With the lighter load — 190 innings — Groenewegen is pitching better than ever, including a no-hitter over Northwestern in last week's Big Ten quarterfinals.

"It's made me love the game of softball again," she said. "Every time I step onto the field, I'm excited to be there now, and I couldn't necessarily say the same thing last year or the year before."

If you wanted to sum up her career with one performance, you might pick her 12-inning masterpiece April 19 at Wisconsin. The game was scoreless for 11 innings. Groenewegen singled in the 12th and came around to score the first run on a headfirst slide.

She finished off the shutout with this pitching line: 12 innings, nine hits, zero runs, zero walks, 15 strikeouts.

"When you can throw an extra-inning game on the road, every inning the other team's got a chance to walk off and win," Wisconsin coach Yvette Healy said. "You saw why she's one of the best pitchers in the country."

Another career defining moment for Groenewegen came in the 2015 Pan Am Games, when she pitched Team Canada to an upset of Team USA for the gold medal.

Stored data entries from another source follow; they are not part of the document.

lemma D3_U3_Gamma_inf3_form:
  assumes "d \<in> D3" "u \<in> U3" "h \<in> Gamma_inf3"
  obtains i j k x y z where "d = diag3 i j k" "u ** h = unipotent3 x y z"
    "i \<in> Eis" "j \<in> Eis" "k \<in> Eis" "i * j * k = 1" "x \<in> Eis" "y \<in> Eis" "z \<in> Eis"
proof -
  obtain i j k where d: "d = diag3 i j k" "i \<in> Eis" "j \<in> Eis" "k \<in> Eis" "i * j * k = 1"
    using assms(1) unfolding D3_iff by blast
  obtain \<alpha> \<beta> \<gamma> where u: "u = unipotent3 \<alpha> \<beta> \<gamma>" "\<alpha> \<in> Eis" "\<beta> \<in> Eis" "\<gamma> \<in> Eis"
    using assms(2) digits3_Eis unfolding U3_iff by blast
  obtain p q r where h: "h = unipotent3 p q r" "p \<in> Eis" "q \<in> Eis" "r \<in> Eis"
    using assms(3) eis_dvd_imp_Eis[OF _ Eis_numeral] unfolding Gamma_inf3_iff by blast
  have "u ** h = unipotent3 (\<alpha> + p) (\<beta> + \<alpha> * r + q) (\<gamma> + r)"
    unfolding u h by (simp add: unipotent3_mult)
  with d u h show ?thesis
    using that by simp
qed

lemma D3_U3_Gamma_inf3_in_Bo:
  assumes "d \<in> D3" "u \<in> U3" "h \<in> Gamma_inf3"
  shows "d ** u ** h \<in> Bo"
  using assms
proof (rule D3_U3_Gamma_inf3_form)
  fix i j k x y z
  assume "d = diag3 i j k" "u ** h = unipotent3 x y z"
    "i \<in> Eis" "j \<in> Eis" "k \<in> Eis" "i * j * k = 1" "x \<in> Eis" "y \<in> Eis" "z \<in> Eis"
  then show ?thesis
    by (simp add: matrix_mul_assoc[symmetric] diag3_mult_unipotent3 Bo_mat3_iff)
qed

lemma Bo_eq_D3_U3_Gamma_inf3:
  assumes "B \<in> Bo"
  obtains d u h where "d \<in> D3" "u \<in> U3" "h \<in> Gamma_inf3" "B = d ** u ** h"
proof -
  obtain a b c e f i where B: "B = mat3 a b c 0 e f 0 0 i"
    and Eis: "a \<in> Eis" "b \<in> Eis" "c \<in> Eis" "e \<in> Eis" "f \<in> Eis" "i \<in> Eis" and det: "a * e * i = 1"
    using assms by (rule BoE)
  have d: "diag3 a e i \<in> D3"
    using Eis det unfolding D3_iff by blast
  have "b * (e * i) \<in> Eis" "c * (e * i) \<in> Eis" "f * (a * i) \<in> Eis"
    using Eis by simp_all
  then obtain u h where uh: "u \<in> U3" "h \<in> Gamma_inf3"
    "unipotent3 (b * (e * i)) (c * (e * i)) (f * (a * i)) = u ** h"
    by (rule unipotent3_eq_U3_Gamma_inf3)
  have "a * (b * (e * i)) = b * (a * e * i)" "a * (c * (e * i)) = c * (a * e * i)"
    "e * (f * (a * i)) = f * (a * e * i)"
    by (simp_all add: ac_simps)
  then have cancel: "a * (b * (e * i)) = b" "a * (c * (e * i)) = c" "e * (f * (a * i)) = f"
    unfolding det by simp_all
  have "B = diag3 a e i ** unipotent3 (b * (e * i)) (c * (e * i)) (f * (a * i))"
    unfolding B diag3_mult_unipotent3 cancel ..
  with d uh show ?thesis
    using that by (simp add: matrix_mul_assoc)
qed

lemma D3_U3_Gamma_inf3_unique:
  assumes "d \<in> D3" "u \<in> U3" "h \<in> Gamma_inf3" "d' \<in> D3" "u' \<in> U3" "h' \<in> Gamma_inf3"
    and eq: "d ** u ** h = d' ** u' ** h'"
  shows "d = d' \<and> u = u'"
proof -
  obtain i j k x y z where d: "d = diag3 i j k" and uh: "u ** h = unipotent3 x y z"
    and "i * j * k = 1"
    using assms(1-3) by (rule D3_U3_Gamma_inf3_form)
  obtain i' j' k' x' y' z' where d': "d' = diag3 i' j' k'" and uh': "u' ** h' = unipotent3 x' y' z'"
    using assms(4-6) by (rule D3_U3_Gamma_inf3_form)
  have "i \<noteq> 0" "j \<noteq> 0"
    using \<open>i * j * k = 1\<close> by auto
  with eq have "d = d'" "u ** h = u' ** h'"
    unfolding matrix_mul_assoc[symmetric] d d' uh uh' by (auto simp: diag3_mult_unipotent3 mat3_eq_iff)
  then show ?thesis
    using assms U3_Gamma_inf3_unique by blast
qed

lemma Yo_mat2_iff:
  "mat2 a b c d \<in> Yo R S \<longleftrightarrow>
     a \<in> Eis \<and> b \<in> Eis \<and> c \<in> Eis \<and> d \<in> Eis \<and> a * d - b * c = 1 \<and>
     (c \<in> R \<and> a \<in> S c \<or> a = 1 \<and> b = 0 \<and> c = 0 \<and> d = 1)"
  unfolding Yo_def by (auto simp: SLo_mat2_iff mat1_eq_mat2 mat2_eq_iff)

lemma YoE:
  assumes "y \<in> Yo R S"
  obtains a b c d where "y = mat2 a b c d" "a \<in> Eis" "b \<in> Eis" "c \<in> Eis" "d \<in> Eis" "a * d - b * c = 1"
    "c \<in> R \<and> a \<in> S c \<or> a = 1 \<and> b = 0 \<and> c = 0 \<and> d = 1"
  using assms Yo_mat2_iff mat2_eta by metis

lemma Yo_SLo: "y \<in> Yo R S \<Longrightarrow> y \<in> SLo"
  by (erule YoE) (simp add: SLo_mat2_iff)

lemma Yo_eq_mat1_iff:
  assumes "unit_reps R" "y \<in> Yo R S"
  shows "y = mat 1 \<longleftrightarrow> y$2$1 = 0"
  using assms(2)
proof (rule YoE)
  fix a b c d
  assume "y = mat2 a b c d" "c \<in> R \<and> a \<in> S c \<or> a = 1 \<and> b = 0 \<and> c = 0 \<and> d = 1"
  moreover have "0 \<notin> R"
    using assms(1) unfolding unit_reps_def by auto
  ultimately show ?thesis
    by (auto simp: mat1_eq_mat2 mat2_eq_iff)
qed

text \<open>Two elements of SL2 with the same bottom row differ by a unipotent factor on the left,
  so their upper left entries are congruent modulo the lower left one.\<close>
lemma Yo_eq_of_bottom_row:
  assumes R: "unit_reps R" "residue_reps R S" and y: "y \<in> Yo R S" "y' \<in> Yo R S"
    and bottom: "y$2$1 = y'$2$1" "y$2$2 = y'$2$2"
  shows "y = y'"
proof (cases "y$2$1 = 0")
  case True
  with R y bottom show ?thesis
    using Yo_eq_mat1_iff by metis
next
  case False
  obtain a b c d where y_eq: "y = mat2 a b c d" and "a \<in> Eis" "b \<in> Eis" and det: "a * d - b * c = 1"
    and a: "c \<in> R" "a \<in> S c"
    by (rule YoE[OF y(1)]) (use False in auto)
  obtain a' b' where y'_eq: "y' = mat2 a' b' c d" and "a' \<in> Eis" "b' \<in> Eis" and det': "a' * d - b' * c = 1"
    and a': "a' \<in> S c"
    by (rule YoE[OF y(2)]) (use False bottom in \<open>auto simp: y_eq\<close>)
  define k where "k = a * b' - a' * b"
  have "a' = a' * (a * d - b * c)"
    using det by simp
  also have "\<dots> = a * (a' * d - b' * c) + c * k"
    unfolding k_def by (simp add: algebra_simps)
  finally have "a' - a = c * k"
    using det' by simp
  moreover have "k \<in> Eis"
    unfolding k_def using \<open>a \<in> Eis\<close> \<open>b \<in> Eis\<close> \<open>a' \<in> Eis\<close> \<open>b' \<in> Eis\<close> by simp
  ultimately have "eis_dvd c (a' - a)"
    by (simp add: eis_dvd_triv_left)
  with R a a' have "a' = a"
    using residue_reps_unique by blast
  with det det' have "(b' - b) * c = 0"
    by algebra
  with False \<open>a' = a\<close> show ?thesis
    unfolding y_eq y'_eq by simp
qed

lemma Yo_exists_bottom_row:
  assumes R: "unit_reps R" "residue_reps R S" and c: "c \<in> R"
    and "a \<in> Eis" "b \<in> Eis" "d \<in> Eis" and det: "a * d - b * c = 1"
  obtains y where "y \<in> Yo R S" "y$2$1 = c" "y$2$2 = d"
proof -
  obtain a0 where a0: "a0 \<in> S c" "eis_dvd c (a - a0)"
    using R(2) c \<open>a \<in> Eis\<close> unfolding residue_reps_def by blast
  then obtain k where k: "k \<in> Eis" "a = a0 + c * k"
    unfolding eis_dvd_def by (auto simp: algebra_simps)
  have "c \<in> Eis" "a0 \<in> Eis"
    using R c a0 unfolding unit_reps_def residue_reps_def by auto
  moreover have "a0 * d - (b - k * d) * c = 1"
    using det unfolding k(2) by (simp add: algebra_simps)
  ultimately have "mat2 a0 (b - k * d) c d \<in> Yo R S"
    using assms k a0 unfolding Yo_mat2_iff by auto
  then show ?thesis
    using that by simp
qed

Softball was added back to the Olympics for the 2020 Tokyo Games, and competing there is one of Groenewegen's goals. She'll also have a chance to play professionally after getting selected No. 2 overall by the Akron Racers in last month's National Pro Fastpitch draft.

But those goals can wait. For now, Groenewegen is determined to send the Gophers to their first College World Series.

"All four of my years here, we've always looked at ourselves as underdogs," she said. "We're going to continue to play with a chip on our shoulder. Yeah, we're a top team, but we want more."

Groenewegen said those words before last Sunday's NCAA snub. She has an even bigger score to settle now.